Маноло даже сбавил скорость — посмотрел на своего начальника и неуверенно улыбнулся:
— Как — ртом?
— Не тормози, а то в зад врежутся, — сказал ему Конде, покачав головой, и тоже улыбнулся. Полная распущенность, подумал он и закурил, почувствовав себя лучше. Через два квартала его дом, а там целых три свободных часа, можно будет сидеть и писать — что угодно, лишь бы писать.
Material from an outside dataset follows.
(* Let $\mathcal{T}=(V,A,E,f,q,v_0)$ be a decorated rooted tree with $n=\delta_{v_0}>0$, and let $\mathcal{T}_i=(V_i,A_i,E_i,f_i,q_i)$, $1\le i\le n$, be the decorated trees attached to $\mathcal{T}$ as described in the context, with $A_{0,i}=\{\alpha\in A_i: f_i(\alpha)=0\}$. For each $x\in(V\setminus\{v_0\})\cup A_0$, $$N_x+N^{(i)}_x=\phi(v_0,x)\deg(\mathcal{T}),$$ where $i$ is the unique element of $\{1,\dots,n\}$ with $x\in V_i\cup(A_{0,i}\setminus\{\alpha_i\})$, $N_x$ is computed in $\mathcal{T}$ and $N^{(i)}_x$ in $\mathcal{T}_i$.
   Context: A graph is a pair $(X_0,X_1)$ of finite sets such that each element of $X_1$ (an edge) is a $2$-element subset of $X_0$; elements of $X_0$ are cells. The valency $\delta_x$ of a cell is the number of edges containing it. A path is a tuple $(x_0,\dots,x_n)$ ($n\ge0$) of cells with $\{x_i,x_{i+1}\}$ an edge for each $i<n$, these edges pairwise distinct; a cell/edge is in the path if it is some $x_i$ / some $\{x_i,x_{i+1}\}$. The graph is a tree if any two cells $x,y$ are joined by a unique path $\gamma_{x,y}$. A decorated tree is $(V,A,E,f,q)$ with $V$ (vertices), $A$ (arrows) finite disjoint sets, $(V\cup A,E)$ a tree, every arrow of valency $1$, $f:A\to\mathbb{Z}$, $q(e,x)\in\mathbb{Z}$ for each $e\in E$, $x\in e$, with $q(e,\alpha)=1$ for $\alpha\in A$, and for each $v\in V$ and distinct edges $e,e'\ni v$, $\gcd(q(e,v),q(e',v))=1$. $A_0=\{\alpha\in A:f(\alpha)=0\}$. For $x\in V\cup A$, $e\ni x$: $Q(e,x)=\prod q(e',x)$ over edges $e'\ne e$ containing $x$ (empty product $=1$); for an edge $e=\{x,y\}$, $\det(e)=q(e,x)q(e,y)-Q(e,x)Q(e,y)$. An edge $\varepsilon$ is incident to a path $\gamma$ if it is not in $\gamma$ but contains a cell $u$ of $\gamma$; $q(\varepsilon,\gamma):=q(\varepsilon,u)$. For $v\ne\alpha$, $v\in V\cup A$, $\alpha\in A$: $x_{v,\alpha}=f(\alpha)\prod_\varepsilon q(\varepsilon,\gamma_{v,\alpha})$ over edges incident to $\gamma_{v,\alpha}$. For $v\in V\cup A_0$, $N_v=\sum_{\alpha\in A\setminus A_0}x_{v,\alpha}$. For a path $\gamma=(x_0,\dots,x_m)$, $m\ge1$, $\phi(\gamma)$ is the product of $q(e,u)$ over all pairs with $u\in\{x_1,\dots,x_m\}$ and $e$ an edge containing $u$ not in $\gamma$; $\phi(x,y)=\phi(\gamma_{x,y})$ for $x\ne y$. A root of $(V,A,E,f,q)$ is a vertex $v_0$ with $q(e,v_0)=1$ for every edge $e\ni v_0$ such that for every $v\in V\setminus\{v_0\}$, all edges $e\ni v$ not in $\gamma_{v_0,v}$ satisfy $q(e,v)\ge1$ and at most one of them satisfies $q(e,v)\ne1$. A decorated rooted tree is $(V,A,E,f,q,v_0)$ with $v_0$ a root. $\deg(\mathcal{T})$ denotes $N_{v_0}$. Central elements: a path $(w_1,\dots,w_m)$, $m\ge2$, satisfies $(+)$ if every edge $e\ni w_m$ other than $\{w_{m-1},w_m\}$ has $q(e,w_m)\ge1$ and at most one such edge has $q(e,w_m)>1$; $\eta\in V\cup A$ is central if $\gamma_{\eta,v}$ satisfies $(+)$ for every $v\in V\setminus\{\eta\}$. For a decorated tree $\mathcal{S}=(V,A,E,f,q)$ and central $\eta$, $\mathcal{S}^{(\eta)}$ is the unique decorated tree $(V,A,E,f,q^* )$ (such a unique tree exists) with: $q^*(e,\eta)=q(e,\eta)$ for $e\ni\eta$; $q^*(e,v)=q(e,v)$ for $v\in V\setminus\{\eta\}$ and edges $e\ni v$ not in $\gamma_{\eta,v}$; $q^*(e,v)=Q(e,v)-q(e,v)$ for every edge $e=\{\eta,v\}$ with $v\in V$; $\det^*(e)=-\det(e)$ for every edge $e=\{u,v\}$ with $u,v\in V\setminus\{\eta\}$. The trees $\mathcal{T}_i$: let $v_1,\dots,v_n$ be the distinct cells adjacent to $v_0$, $e_i=\{v_0,v_i\}$. Delete $e_1,\dots,e_n$; let $\mathcal{C}_i$ be the component containing $v_i$. Let $\mathcal{T}'_i$ be obtained from $\mathcal{C}_i$ by adding an arrow $\alpha_i$ with $f(\alpha_i)=0$ and an edge $\{\alpha_i,v_i\}$ decorated $q(e_i,v_i)$ near $v_i$ and $1$ near $\alpha_i$. Then $\alpha_i$ is central in $\mathcal{T}'_i$ and $\mathcal{T}_i:=(\mathcal{T}'_i)^{(\alpha_i)}$. *)

theory Defs
  imports Main
begin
Поставь битлов! Пусть магнитофон твой и все прочее, только я желаю слушать этих чертовых битлов! Strawberry Fields[9] — лучшая песня в истории человечества, я отстаивал свой выбор яростно, страстно, и вообще, какого хрена ты меня позвал? Дульсита, сказал он. А сам такой худющий, откуда, скажите, силы берутся слова произносить, и кадык прыгает, будто что-то проглатывает. Ну и что дальше? То, что Дульсита уезжает. Она уезжает, сказал он мне, а до меня никак не доходит, куда, черт подери, она уезжает — домой, в школу, в Лома-дель-Бурро,[10] и тут вдруг понял, что я настоящий осел. Уезжает — это значит уезжает, сваливает, сматывается, несется во весь опор в одно только возможное место — Майами. Уезжает — это значит, что она никогда больше не вернется. Но как же так? Вчера позвонила мне, поздно уже, и сказала. Мы, как поссорились, так больше почти и не встречаемся, но иногда она мне звонит, иногда я ей — короче, остаемся друзьями, даже после того как я так подло поступил по отношению к ней, связавшись с Мариан. Позвонила мне и говорит: я уезжаю.
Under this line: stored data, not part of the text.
(* Let $G$ and $H$ be graphs with $i_G$ and $i_H$ isolated vertices, respectively. Then $$\rho(G\times H)\geq\max\{\rho_o(G^-)\rho(H^-),\ \rho_o(H^-)\rho(G^-)\}+i_G|V(H)|+i_H|V(G)|-i_Gi_H.$$
   Context: All graphs are finite and simple. $G^-$ denotes the graph obtained from $G$ by deleting all isolated vertices. A packing of $G$ is a set $P\subseteq V(G)$ with $N[u]\cap N[v]=\emptyset$ for all distinct $u,v\in P$ ($N[\cdot]$ the closed neighborhood); $\rho(G)$ is the maximum size of a packing. An open packing is a set whose vertices have pairwise disjoint open neighborhoods; $\rho_o(G)$ is its maximum size. The direct product $G\times H$ has vertex set $V(G)\times V(H)$, with $(g,h)$ adjacent to $(g',h')$ iff $gg'\in E(G)$ and $hh'\in E(H)$. *)

theory Defs
  imports Main
begin

record 'a sgraph =
  verts :: "'a set"
  adj :: "'a \<Rightarrow> 'a \<Rightarrow> bool"

definition graph :: "('a, 'b) sgraph_scheme \<Rightarrow> bool" where
  "graph G \<longleftrightarrow> finite (verts G)
     \<and> (\<forall>u v. adj G u v \<longrightarrow> u \<in> verts G \<and> v \<in> verts G)
     \<and> (\<forall>u v. adj G u v \<longrightarrow> adj G v u)
     \<and> (\<forall>v. \<not> adj G v v)"

definition open_nbhd :: "'a sgraph \<Rightarrow> 'a \<Rightarrow> 'a set" where
  "open_nbhd G v = {u \<in> verts G. adj G v u}"

definition closed_nbhd :: "'a sgraph \<Rightarrow> 'a \<Rightarrow> 'a set" where
  "closed_nbhd G v = insert v (open_nbhd G v)"

definition packing :: "'a sgraph \<Rightarrow> 'a set \<Rightarrow> bool" where
  "packing G P \<longleftrightarrow> P \<subseteq> verts G \<and>
     (\<forall>u\<in>P. \<forall>v\<in>P. u \<noteq> v \<longrightarrow> closed_nbhd G u \<inter> closed_nbhd G v = {})"

definition open_packing :: "'a sgraph \<Rightarrow> 'a set \<Rightarrow> bool" where
  "open_packing G P \<longleftrightarrow> P \<subseteq> verts G \<and>
     (\<forall>u\<in>P. \<forall>v\<in>P. u \<noteq> v \<longrightarrow> open_nbhd G u \<inter> open_nbhd G v = {})"

definition packing_number :: "'a sgraph \<Rightarrow> nat" where
  "packing_number G = Max (card ` {P. packing G P})"

definition open_packing_number :: "'a sgraph \<Rightarrow> nat" where
  "open_packing_number G = Max (card ` {P. open_packing G P})"

definition isolated_vertices :: "'a sgraph \<Rightarrow> 'a set" where
  "isolated_vertices G = {v \<in> verts G. open_nbhd G v = {}}"

definition del_isolated :: "'a sgraph \<Rightarrow> 'a sgraph" where
  "del_isolated G = \<lparr>verts = verts G - isolated_vertices G,
     adj = (\<lambda>u v. adj G u v \<and> u \<notin> isolated_vertices G \<and> v \<notin> isolated_vertices G)\<rparr>"

definition direct_prod :: "'a sgraph \<Rightarrow> 'b sgraph \<Rightarrow> ('a \<times> 'b) sgraph" where
  "direct_prod G H = \<lparr>verts = verts G \<times> verts H,
     adj = (\<lambda>(g, h) (g', h'). adj G g g' \<and> adj H h h')\<rparr>"

end

theory Submission
  imports Defs
begin

text \<open>Every vertex of G \<times> H with an isolated coordinate is isolated, so these
  vertices can be added to any packing of G \<times> H avoiding them. Such a packing is
  Q \<times> P for an open packing Q of G^- and a packing P of H^-:
  two distinct vertices (a, b), (c, d) of Q \<times> P cannot share a neighbour
  (x, y), since a \<noteq> c would give a common neighbour x of a and c in G, and
  a = c would give a common neighbour y of b \<noteq> d in H. Swapping the factors
  gives the second product, and inclusion-exclusion counts the isolated vertices.\<close>

lemma graph_adj_verts:
  "graph G \<Longrightarrow> adj G u v \<Longrightarrow> u \<in> verts G \<and> v \<in> verts G"
  unfolding graph_def by blast

lemma graph_adj_sym: "graph G \<Longrightarrow> adj G u v \<Longrightarrow> adj G v u"
  unfolding graph_def by blast

lemma graph_adj_irrefl: "graph G \<Longrightarrow> \<not> adj G v v"
  unfolding graph_def by blast

lemma finite_Collect_subsets_of:
  "finite V \<Longrightarrow> (\<And>P. X P \<Longrightarrow> P \<subseteq> V) \<Longrightarrow> finite (Collect X)"
  by (metis Collect_mono PowI Pow_def finite_Pow_iff rev_finite_subset)

lemma card_le_Max_card:
  assumes "finite V" "\<And>P. X P \<Longrightarrow> P \<subseteq> V" "X P"
  shows "card P \<le> Max (card ` Collect X)"
  using assms finite_Collect_subsets_of[OF assms(1,2)] by (intro Max_ge) auto

lemma Max_card_attained:
  assumes "finite V" "\<And>P. X P \<Longrightarrow> P \<subseteq> V" "X {}"
  shows "\<exists>P. X P \<and> card P = Max (card ` Collect X)"
proof -
  have "Max (card ` Collect X) \<in> card ` Collect X"
    using assms finite_Collect_subsets_of[OF assms(1,2)] by (intro Max_in) auto
  then show ?thesis by auto
qed

lemma card_le_packing_number:
  "finite (verts G) \<Longrightarrow> packing G P \<Longrightarrow> card P \<le> packing_number G"
  unfolding packing_number_def by (rule card_le_Max_card) (auto simp: packing_def)

lemma ex_packing_card_eq_packing_number:
  "finite (verts G) \<Longrightarrow> \<exists>P. packing G P \<and> card P = packing_number G"
  unfolding packing_number_def by (rule Max_card_attained) (auto simp: packing_def)

lemma ex_open_packing_card_eq_open_packing_number:
  "finite (verts G) \<Longrightarrow> \<exists>P. open_packing G P \<and> card P = open_packing_number G"
  unfolding open_packing_number_def by (rule Max_card_attained) (auto simp: open_packing_def)

lemma verts_del_isolated: "verts (del_isolated G) = verts G - isolated_vertices G"
  by (simp add: del_isolated_def)

lemma adj_not_isolated:
  assumes "graph G" "adj G u v"
  shows "u \<notin> isolated_vertices G" "v \<notin> isolated_vertices G"
proof -
  have "v \<in> open_nbhd G u" "u \<in> open_nbhd G v"
    using assms graph_adj_sym[OF assms(1)] graph_adj_verts[OF assms(1)]
    by (auto simp: open_nbhd_def)
  then show "u \<notin> isolated_vertices G" "v \<notin> isolated_vertices G"
    by (auto simp: isolated_vertices_def)
qed

lemma open_nbhd_del_isolated:
  "graph G \<Longrightarrow> open_nbhd (del_isolated G) v = open_nbhd G v"
  by (auto simp: open_nbhd_def del_isolated_def dest: adj_not_isolated)

lemma closed_nbhd_del_isolated:
  "graph G \<Longrightarrow> closed_nbhd (del_isolated G) v = closed_nbhd G v"
  by (simp add: closed_nbhd_def open_nbhd_del_isolated)

lemma open_packing_del_isolated:
  "graph G \<Longrightarrow> open_packing (del_isolated G) Q \<longleftrightarrow>
     open_packing G Q \<and> Q \<inter> isolated_vertices G = {}"
  unfolding open_packing_def by (auto simp: open_nbhd_del_isolated verts_del_isolated)

lemma packing_del_isolated:
  "graph G \<Longrightarrow> packing (del_isolated G) P \<longleftrightarrow> packing G P \<and> P \<inter> isolated_vertices G = {}"
  unfolding packing_def by (auto simp: closed_nbhd_del_isolated verts_del_isolated)

lemma verts_direct_prod: "verts (direct_prod G H) = verts G \<times> verts H"
  by (simp add: direct_prod_def)

lemma open_nbhd_direct_prod:
  "open_nbhd (direct_prod G H) (g, h) = open_nbhd G g \<times> open_nbhd H h"
  unfolding open_nbhd_def direct_prod_def by auto

lemma closed_nbhd_direct_prod:
  "closed_nbhd (direct_prod G H) (g, h) = insert (g, h) (open_nbhd G g \<times> open_nbhd H h)"
  by (simp add: closed_nbhd_def open_nbhd_direct_prod)

lemma graph_direct_prod: "graph G \<Longrightarrow> graph H \<Longrightarrow> graph (direct_prod G H)"
  unfolding graph_def direct_prod_def by auto

lemma isolated_vertices_direct_prod:
  "isolated_vertices G \<times> verts H \<union> verts G \<times> isolated_vertices H
     \<subseteq> isolated_vertices (direct_prod G H)"
  unfolding isolated_vertices_def by (auto simp: open_nbhd_direct_prod verts_direct_prod)

lemma packing_Un_isolated:
  assumes G: "graph G" and P: "packing G P" and I: "I \<subseteq> isolated_vertices G"
  shows "packing G (P \<union> I)"
  unfolding packing_def
proof (intro conjI ballI impI)
  show "P \<union> I \<subseteq> verts G"
    using P I by (auto simp: packing_def isolated_vertices_def)
next
  have singleton: "closed_nbhd G v = {v}" if "v \<in> I" for v
    using that I by (auto simp: closed_nbhd_def isolated_vertices_def)
  have not_in: "v \<notin> closed_nbhd G u" if "v \<in> I" "u \<noteq> v" for u v
    using that I adj_not_isolated[OF G, of u v] by (auto simp: closed_nbhd_def open_nbhd_def)
  fix u v assume "u \<in> P \<union> I" "v \<in> P \<union> I" "u \<noteq> v"
  then show "closed_nbhd G u \<inter> closed_nbhd G v = {}"
    using P singleton not_in[of u v] not_in[of v u] unfolding packing_def by auto blast
qed

lemma packing_direct_prod_Times:
  assumes Q: "open_packing G Q" and H: "graph H" and P: "packing H P"
  shows "packing (direct_prod G H) (Q \<times> P)"
  unfolding packing_def
proof (intro conjI ballI impI)
  show "Q \<times> P \<subseteq> verts (direct_prod G H)"
    using Q P by (auto simp: open_packing_def packing_def direct_prod_def)
next
  fix u v assume "u \<in> Q \<times> P" "v \<in> Q \<times> P" "u \<noteq> v"
  then obtain a b c d where u: "u = (a, b)" "a \<in> Q" "b \<in> P"
    and v: "v = (c, d)" "c \<in> Q" "d \<in> P" and ne: "(a, b) \<noteq> (c, d)" by auto
  have P_closed: "closed_nbhd H b \<inter> closed_nbhd H d = {}" if "b \<noteq> d"
    using P that \<open>b \<in> P\<close> \<open>d \<in> P\<close> unfolding packing_def by blast
  have P_open: "open_nbhd H b \<inter> open_nbhd H d = {}" if "b \<noteq> d"
    using P_closed[OF that] by (auto simp: closed_nbhd_def)
  have Q_open: "open_nbhd G a \<inter> open_nbhd G c = {}" if "a \<noteq> c"
    using Q that \<open>a \<in> Q\<close> \<open>c \<in> Q\<close> unfolding open_packing_def by blast
  have not_adj: "(a, b) \<notin> open_nbhd G c \<times> open_nbhd H d" "(c, d) \<notin> open_nbhd G a \<times> open_nbhd H b"
    using P_closed graph_adj_irrefl[OF H] by (auto simp: closed_nbhd_def open_nbhd_def)
  have "open_nbhd G a \<times> open_nbhd H b \<inter> open_nbhd G c \<times> open_nbhd H d = {}"
    using P_open Q_open ne by auto
  with not_adj ne show "closed_nbhd (direct_prod G H) u \<inter> closed_nbhd (direct_prod G H) v = {}"
    unfolding u v closed_nbhd_direct_prod by blast
qed

lemma packing_direct_prod_swap:
  assumes S: "packing (direct_prod G H) S"
  shows "packing (direct_prod H G) (prod.swap ` S)"
  unfolding packing_def
proof (intro conjI ballI impI)
  show "prod.swap ` S \<subseteq> verts (direct_prod H G)"
    using S by (auto simp: packing_def verts_direct_prod)
next
  have nbhd: "closed_nbhd (direct_prod H G) (prod.swap p) = prod.swap ` closed_nbhd (direct_prod G H) p"
    for p
    by (cases p) (auto simp: closed_nbhd_direct_prod)
  fix u v assume "u \<in> prod.swap ` S" "v \<in> prod.swap ` S" "u \<noteq> v"
  then obtain p q where "u = prod.swap p" "v = prod.swap q" "p \<in> S" "q \<in> S" "p \<noteq> q"
    by auto
  moreover have "closed_nbhd (direct_prod G H) p \<inter> closed_nbhd (direct_prod G H) q = {}"
    using S calculation unfolding packing_def by blast
  ultimately show "closed_nbhd (direct_prod H G) u \<inter> closed_nbhd (direct_prod H G) v = {}"
    by (auto simp: nbhd)
qed

lemma packing_number_direct_prod_swap_le:
  assumes "finite (verts G)" "finite (verts H)"
  shows "packing_number (direct_prod G H) \<le> packing_number (direct_prod H G)"
proof -
  obtain S where S: "packing (direct_prod G H) S" "card S = packing_number (direct_prod G H)"
    using ex_packing_card_eq_packing_number[of "direct_prod G H"] assms
    by (auto simp: verts_direct_prod)
  have "card (prod.swap ` S) \<le> packing_number (direct_prod H G)"
    using assms by (intro card_le_packing_number packing_direct_prod_swap S(1))
      (simp add: verts_direct_prod)
  then show ?thesis by (simp add: card_image S(2))
qed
Комната стала желтой от закатного солнца. Грустно звучала Strawberry Fields, а мы молча смотрели друг на друга. О чем говорить-то? Из всех нас Дульсита была лучшей: защитница слабых и обездоленных — вот как мы называли ее ради прикола, но только она умела выслушать остальных, и только ее любили все остальные, потому что она умела любить. Дульсита была своя в доску — и на тебе, уезжает. Скорей всего, мы уже никогда не увидим ее и не скажем — черт побери, какая же она добрая, Дульсита; ни написать ей не сможем, ни по телефону поговорить и даже вспоминать почти перестанем, потому что она уезжает, а тот, кто уезжает, обречен на потерю всего, даже места в памяти друзей. Но почему она уезжает? Не знаю, отвечает он, я ее не спрашивал; да и какая разница, важно, что она уезжает. Он встал, отошел к окну, и я против света не видел его лица, когда он сказал: уезжает — вот ведь, а? — и я понял, что он сейчас заплачет, и было бы хорошо, если бы заплакал, потому что иначе даже воспоминания остались бы незавершенными. И тогда он сказал: сегодня вечером я пойду к ней. И я тоже, сказал я. Но мы так и не повидались с ней напоследок. Мать Дульситы сказала нам: она заболела, спит, но мы-то знали, что не заболела и не спит, все это неправда. Просто она уезжает, подумал я тогда, а после долгое время жил, так и не поняв почему: Дульсита, самая лучшая, самая хорошая, маленькая женщина, которая не раз демонстрировала свое мужество, мужество во всем. Мы побрели восвояси молча, будто в похоронной процессии, а когда пересекли улицу, помню, Тощий сказал: смотри, какая луна красивая.